Common codecs such as PCMU, PCMA, G.722 or G.729 can be decoded if supported

Replay or save the call

The result may be a complete or near-complete recording of the conversation

This is why unencrypted VoIP should not be treated as private merely because it is “internal” or “digital”. In many ways VoIP is easier to intercept and store than plain old two wire analogue voice.

Why SIP over TLS is important

SIP over TLS protects the signalling layer by encrypting SIP messages in transit.

This means that an observer can no longer easily read:

Telephone numbers
Call setup messages
Registration traffic
Authentication exchanges
SDP details
Device and PBX metadata

Benefits of SIP over TLS include:

Confidentiality of signalling

Call setup information is encrypted rather than sent in plain text.

Reduced credential exposure

Registration and authentication traffic is better protected against interception.

Protection against simple call metadata harvesting

Attackers cannot easily collect dialled numbers, extension details and device information from passive captures.

Improved server identity validation

TLS certificates help the client verify that it is talking to the expected server rather than an impostor.

What SIP TLS does not do

SIP over TLS protects the signalling, but it does not automatically encrypt the voice media.

If a system uses:

SIP over TLS + plain RTP

then:

The SIP messages are protected
The actual voice stream may still be intercepted if the RTP path is visible

For full call protection, media encryption is also required.

Why SRTP is important

SRTP stands for Secure Real-time Transport Protocol. It protects the voice media itself.

With SRTP enabled:

RTP audio is encrypted
Packet integrity is checked
Replay attacks are harder
Intercepted media cannot be readily converted into intelligible audio without the session keys

Benefits of SRTP include:

Voice confidentiality

The conversation content is protected in transit.

Media integrity

Packets cannot be altered as easily without detection.

Reduced replay risk

Captured packets are less useful for replay attacks.

Protection against straightforward call reconstruction

A packet capture alone is not enough to rebuild the call audio unless the attacker also obtains the encryption material.

Why SIP TLS and SRTP should be used together

For secure VoIP, signalling and media must both be protected.

Important limitation: encryption in transit is not the same as end-to-end encryption

SIP TLS and SRTP generally protect traffic in transit between systems that support it, such as:

Phone to PBX
PBX to SIP provider
Phone to hosted platform

However, the call may still be decrypted and re-encrypted at intermediate systems such as:

SBCs
Hosted PBX platforms
SIP carriers
Media relays
Recording systems

This means SIP TLS and SRTP provide strong transport security, but not always true end-to-end encryption across the whole call path.

Some SIP Trunking providers support encryption along the path, others support it at the proxy but drop it after that.
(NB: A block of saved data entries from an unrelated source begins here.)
theorem corollaryB7:
  fixes M :: "'a measure"
    and \<xi> :: "nat \<Rightarrow> nat \<Rightarrow> nat \<Rightarrow> 'a \<Rightarrow> nat \<times> nat"
    and \<epsilon> :: "nat \<Rightarrow> 'a \<Rightarrow> nat \<times> nat"
    and \<alpha> \<beta> :: real and l :: nat
  assumes P: "prob_space M"
    and indep: "prob_space.indep_vars M (\<lambda>_. count_space UNIV) (gw_family \<xi> \<epsilon>) gw_index_set"
    and ident_xi: "\<And>k j i. 1 \<le> k \<Longrightarrow> 1 \<le> j \<Longrightarrow> i \<in> {1,2} \<Longrightarrow>
                     distr M (count_space UNIV) (\<xi> k j i) = distr M (count_space UNIV) (\<xi> 1 1 i)"
    and ident_eps: "\<And>k. 1 \<le> k \<Longrightarrow>
                     distr M (count_space UNIV) (\<epsilon> k) = distr M (count_space UNIV) (\<epsilon> 1)"
    and alpha: "0 < \<alpha>" "\<alpha> < 1" and beta: "0 < \<beta>" "\<beta> < 1" and alphabeta: "\<alpha> + \<beta> = 1"
    and mean1: "prob_space.expectation M (\<lambda>\<omega>. real (fst (\<xi> 1 1 1 \<omega>))) = \<alpha>"
               "prob_space.expectation M (\<lambda>\<omega>. real (snd (\<xi> 1 1 1 \<omega>))) = \<beta>"
    and mean2: "prob_space.expectation M (\<lambda>\<omega>. real (fst (\<xi> 1 1 2 \<omega>))) = \<beta>"
               "prob_space.expectation M (\<lambda>\<omega>. real (snd (\<xi> 1 1 2 \<omega>))) = \<alpha>"
    and l_pos: "1 \<le> l"
    and mom: "integrable M (\<lambda>\<omega>. norm (vec_real (\<xi> 1 1 1 \<omega>)) ^ l)"
             "integrable M (\<lambda>\<omega>. norm (vec_real (\<xi> 1 1 2 \<omega>)) ^ l)"
             "integrable M (\<lambda>\<omega>. norm (vec_real (\<epsilon> 1 \<omega>)) ^ l)"
  defines "X \<equiv> gw_X \<xi> \<epsilon>"
    and "m\<epsilon>1 \<equiv> prob_space.expectation M (\<lambda>\<omega>. real (fst (\<epsilon> 1 \<omega>)))"
    and "m\<epsilon>2 \<equiv> prob_space.expectation M (\<lambda>\<omega>. real (snd (\<epsilon> 1 \<omega>)))"
  defines "Mk \<equiv> (\<lambda>k \<omega> i.
              if i = 1 then real (fst (X k \<omega>)) - (\<alpha> * real (fst (X (k - 1) \<omega>)) + \<beta> * real (snd (X (k - 1) \<omega>))) - m\<epsilon>1
              else real (snd (X k \<omega>)) - (\<beta> * real (fst (X (k - 1) \<omega>)) + \<alpha> * real (snd (X (k - 1) \<omega>))) - m\<epsilon>2)"
    and "U \<equiv> (\<lambda>k \<omega>. real (fst (X k \<omega>)) + real (snd (X k \<omega>)))"
    and "V \<equiv> (\<lambda>k \<omega>. real (fst (X k \<omega>)) - real (snd (X k \<omega>)))"
  shows "(\<lambda>k. prob_space.expectation M (\<lambda>\<omega>. norm (vec_real (X k \<omega>)) ^ l)) \<in> O(\<lambda>k. real k ^ l)
       \<and> (\<forall>is. length is = l \<and> set is \<subseteq> {1,2} \<longrightarrow>
           (\<lambda>k. prob_space.expectation M (\<lambda>\<omega>. kron_pow_entry (Mk k \<omega>) is)) \<in> O(\<lambda>k. real k ^ (l div 2)))
       \<and> (\<lambda>k. prob_space.expectation M (\<lambda>\<omega>. U k \<omega> ^ l)) \<in> O(\<lambda>k. real k ^ l)
       \<and> (\<forall>j. 2 * j \<le> l \<longrightarrow>
           (\<lambda>k. prob_space.expectation M (\<lambda>\<omega>. V k \<omega> ^ (2 * j))) \<in> O(\<lambda>k. real k ^ j))"
proof -
  interpret G: gw_doubly_symmetric M \<xi> \<epsilon> \<alpha> \<beta> l
    by (rule gw_doubly_symmetric.intro[OF gw_process.intro[OF P gw_process_axioms.intro[OF indep]]
          gw_doubly_symmetric_axioms.intro])
       (fact ident_xi ident_eps alpha beta alphabeta mean1 mean2 l_pos mom)+
  have "Mk = G.mart_diff" "U = G.U" "V = G.V"
    unfolding Mk_def U_def V_def X_def m\<epsilon>1_def m\<epsilon>2_def
    by (simp_all add: G.mart_diff_def G.U_def G.V_def G.m\<epsilon>1_def G.m\<epsilon>2_def fun_eq_iff)
  then show ?thesis
    using G.norm_X_moment_bigo G.kron_mart_diff_moment_bigo G.U_moment_bigo G.V_moment_bigo
    by (auto simp: X_def)
qed

end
The BT PSTN network, and it's digital equivalent IPStream is NOT encrypted and all voice traffic is unprotected. BT Will tell you it's to reduce latency, but the truth is far less palatable.

So, SRTP will protect your calls from between phones internally, externally, via SIP Clients on Mobiles, and inter-company calls. It *may* protect calls between clients on the same SIP trunking provider, but after that it's not possible to be sure.

As more and more companies move to SIP, and configure their phone systems to support encryption, more of your voice traffic will be encrypted - but the rule is, the lowest encryption supported by both ends, so if both support it, encryption is solid, if only one supports it, there will be no encryption.

The Future

There are proposals and protocols to encrypt the actual voice data, but these all suffer weak points along the path of trust. In order to properly scramble voice data so that it can't be decrypted, a 'key' must be shared before hand. That's hard to do without manually sharing keys between phone systems. With SIP over TLS, the encryption keys are shared in the signalling session, but if we can't encrypt that - we can't send keys that way.

For now, SIP/TLS and SRTP is the best we can do, and it certainly provides a robust protection on site, and between endpoints - and if your SIP trunking provider supports it, a fair part of the path.